--- DATASET ---
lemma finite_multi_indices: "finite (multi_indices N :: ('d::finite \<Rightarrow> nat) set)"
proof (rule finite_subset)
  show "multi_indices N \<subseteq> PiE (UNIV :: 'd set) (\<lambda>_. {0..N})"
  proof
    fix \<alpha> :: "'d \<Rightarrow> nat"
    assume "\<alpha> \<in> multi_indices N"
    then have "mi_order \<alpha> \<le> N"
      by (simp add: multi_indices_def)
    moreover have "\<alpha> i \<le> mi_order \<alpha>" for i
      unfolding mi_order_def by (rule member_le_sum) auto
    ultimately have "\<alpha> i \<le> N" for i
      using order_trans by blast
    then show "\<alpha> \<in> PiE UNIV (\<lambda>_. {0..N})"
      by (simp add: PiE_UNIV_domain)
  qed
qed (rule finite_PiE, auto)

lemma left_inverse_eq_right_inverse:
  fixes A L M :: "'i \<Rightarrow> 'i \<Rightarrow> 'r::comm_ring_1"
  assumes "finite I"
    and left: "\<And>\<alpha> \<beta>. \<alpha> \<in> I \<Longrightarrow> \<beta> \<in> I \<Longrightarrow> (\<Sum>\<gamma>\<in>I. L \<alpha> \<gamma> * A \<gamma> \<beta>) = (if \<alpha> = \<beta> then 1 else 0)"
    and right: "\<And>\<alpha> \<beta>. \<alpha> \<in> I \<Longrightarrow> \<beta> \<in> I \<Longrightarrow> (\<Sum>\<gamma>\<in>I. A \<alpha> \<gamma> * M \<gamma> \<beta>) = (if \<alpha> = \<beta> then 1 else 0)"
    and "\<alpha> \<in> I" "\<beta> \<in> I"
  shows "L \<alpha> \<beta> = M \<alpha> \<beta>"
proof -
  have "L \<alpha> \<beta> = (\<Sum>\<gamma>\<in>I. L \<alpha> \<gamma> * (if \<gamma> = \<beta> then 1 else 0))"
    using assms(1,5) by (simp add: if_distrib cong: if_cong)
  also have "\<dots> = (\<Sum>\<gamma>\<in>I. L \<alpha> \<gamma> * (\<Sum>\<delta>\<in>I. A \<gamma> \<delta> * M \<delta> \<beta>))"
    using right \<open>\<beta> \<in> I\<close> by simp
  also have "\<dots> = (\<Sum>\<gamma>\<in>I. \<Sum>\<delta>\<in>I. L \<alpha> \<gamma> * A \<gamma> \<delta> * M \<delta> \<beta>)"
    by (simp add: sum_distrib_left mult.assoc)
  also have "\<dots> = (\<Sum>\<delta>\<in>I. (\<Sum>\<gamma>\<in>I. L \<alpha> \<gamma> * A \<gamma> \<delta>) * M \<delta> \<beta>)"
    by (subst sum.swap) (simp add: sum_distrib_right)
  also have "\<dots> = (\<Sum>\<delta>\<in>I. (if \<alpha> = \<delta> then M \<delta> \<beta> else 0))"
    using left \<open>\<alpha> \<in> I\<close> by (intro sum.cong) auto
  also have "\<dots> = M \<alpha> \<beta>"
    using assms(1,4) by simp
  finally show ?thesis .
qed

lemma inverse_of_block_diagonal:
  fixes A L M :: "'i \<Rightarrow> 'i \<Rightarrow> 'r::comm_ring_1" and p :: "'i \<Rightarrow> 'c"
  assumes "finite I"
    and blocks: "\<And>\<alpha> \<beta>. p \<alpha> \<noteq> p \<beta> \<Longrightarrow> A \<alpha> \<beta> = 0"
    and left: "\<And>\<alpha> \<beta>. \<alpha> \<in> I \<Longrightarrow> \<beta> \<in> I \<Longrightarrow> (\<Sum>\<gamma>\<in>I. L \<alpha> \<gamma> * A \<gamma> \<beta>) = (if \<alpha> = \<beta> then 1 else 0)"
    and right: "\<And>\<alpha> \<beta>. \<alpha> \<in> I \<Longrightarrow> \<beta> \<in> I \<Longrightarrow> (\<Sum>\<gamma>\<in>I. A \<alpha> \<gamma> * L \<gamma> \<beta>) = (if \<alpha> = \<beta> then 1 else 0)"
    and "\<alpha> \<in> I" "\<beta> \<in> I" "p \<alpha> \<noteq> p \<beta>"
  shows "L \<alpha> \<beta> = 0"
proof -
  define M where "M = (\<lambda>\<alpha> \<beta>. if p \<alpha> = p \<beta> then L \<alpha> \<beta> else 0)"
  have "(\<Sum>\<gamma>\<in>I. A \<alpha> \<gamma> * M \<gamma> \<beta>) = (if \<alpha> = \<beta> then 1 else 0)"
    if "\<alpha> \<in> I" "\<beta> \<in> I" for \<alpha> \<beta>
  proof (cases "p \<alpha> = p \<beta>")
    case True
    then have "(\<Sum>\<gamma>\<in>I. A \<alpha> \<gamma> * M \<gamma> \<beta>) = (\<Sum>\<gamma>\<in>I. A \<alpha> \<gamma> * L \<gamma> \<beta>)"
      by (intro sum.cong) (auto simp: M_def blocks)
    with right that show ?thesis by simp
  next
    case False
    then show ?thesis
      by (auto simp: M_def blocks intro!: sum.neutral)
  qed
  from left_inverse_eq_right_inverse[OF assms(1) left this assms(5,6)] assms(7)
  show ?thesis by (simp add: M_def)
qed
---
--- DATASET ---
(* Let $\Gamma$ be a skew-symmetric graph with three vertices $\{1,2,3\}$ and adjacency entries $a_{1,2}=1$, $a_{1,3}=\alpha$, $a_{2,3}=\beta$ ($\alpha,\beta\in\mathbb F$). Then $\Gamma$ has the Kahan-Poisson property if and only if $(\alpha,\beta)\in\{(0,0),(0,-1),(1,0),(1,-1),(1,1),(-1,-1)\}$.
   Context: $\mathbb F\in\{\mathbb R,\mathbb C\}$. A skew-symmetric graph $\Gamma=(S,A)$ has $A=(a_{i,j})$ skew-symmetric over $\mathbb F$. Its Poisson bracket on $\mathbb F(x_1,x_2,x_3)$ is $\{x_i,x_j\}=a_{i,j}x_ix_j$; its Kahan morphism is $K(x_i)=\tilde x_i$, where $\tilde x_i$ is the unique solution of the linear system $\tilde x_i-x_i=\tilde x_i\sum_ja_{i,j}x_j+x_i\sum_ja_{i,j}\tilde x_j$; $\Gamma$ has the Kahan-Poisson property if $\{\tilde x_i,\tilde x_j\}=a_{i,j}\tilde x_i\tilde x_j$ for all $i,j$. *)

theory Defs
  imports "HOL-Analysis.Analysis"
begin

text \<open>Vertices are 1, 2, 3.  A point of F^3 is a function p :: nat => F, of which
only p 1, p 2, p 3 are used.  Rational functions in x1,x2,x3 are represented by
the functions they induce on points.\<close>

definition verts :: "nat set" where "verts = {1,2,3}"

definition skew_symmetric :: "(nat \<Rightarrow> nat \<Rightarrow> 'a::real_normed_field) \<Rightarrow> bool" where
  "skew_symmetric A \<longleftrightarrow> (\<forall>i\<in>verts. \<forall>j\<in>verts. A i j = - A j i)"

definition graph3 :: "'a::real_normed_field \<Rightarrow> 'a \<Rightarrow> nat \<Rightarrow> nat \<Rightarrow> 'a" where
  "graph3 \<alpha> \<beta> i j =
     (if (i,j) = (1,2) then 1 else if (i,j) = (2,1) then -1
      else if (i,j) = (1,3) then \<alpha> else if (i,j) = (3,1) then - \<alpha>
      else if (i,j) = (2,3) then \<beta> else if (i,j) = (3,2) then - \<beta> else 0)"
---
*PROBLEM*. Using the entries, return every line where the word "mathbb" can be found.

*PROBLEM SOLUTION*.
(* Let $\Gamma$ be a skew-symmetric graph with three vertices $\{1,2,3\}$ and adjacency entries $a_{1,2}=1$, $a_{1,3}=\alpha$, $a_{2,3}=\beta$ ($\alpha,\beta\in\mathbb F$). Then $\Gamma$ has the Kahan-Poisson property if and only if $(\alpha,\beta)\in\{(0,0),(0,-1),(1,0),(1,-1),(1,1),(-1,-1)\}$.
   Context: $\mathbb F\in\{\mathbb R,\mathbb C\}$. A skew-symmetric graph $\Gamma=(S,A)$ has $A=(a_{i,j})$ skew-symmetric over $\mathbb F$. Its Poisson bracket on $\mathbb F(x_1,x_2,x_3)$ is $\{x_i,x_j\}=a_{i,j}x_ix_j$; its Kahan morphism is $K(x_i)=\tilde x_i$, where $\tilde x_i$ is the unique solution of the linear system $\tilde x_i-x_i=\tilde x_i\sum_ja_{i,j}x_j+x_i\sum_ja_{i,j}\tilde x_j$; $\Gamma$ has the Kahan-Poisson property if $\{\tilde x_i,\tilde x_j\}=a_{i,j}\tilde x_i\tilde x_j$ for all $i,j$. *)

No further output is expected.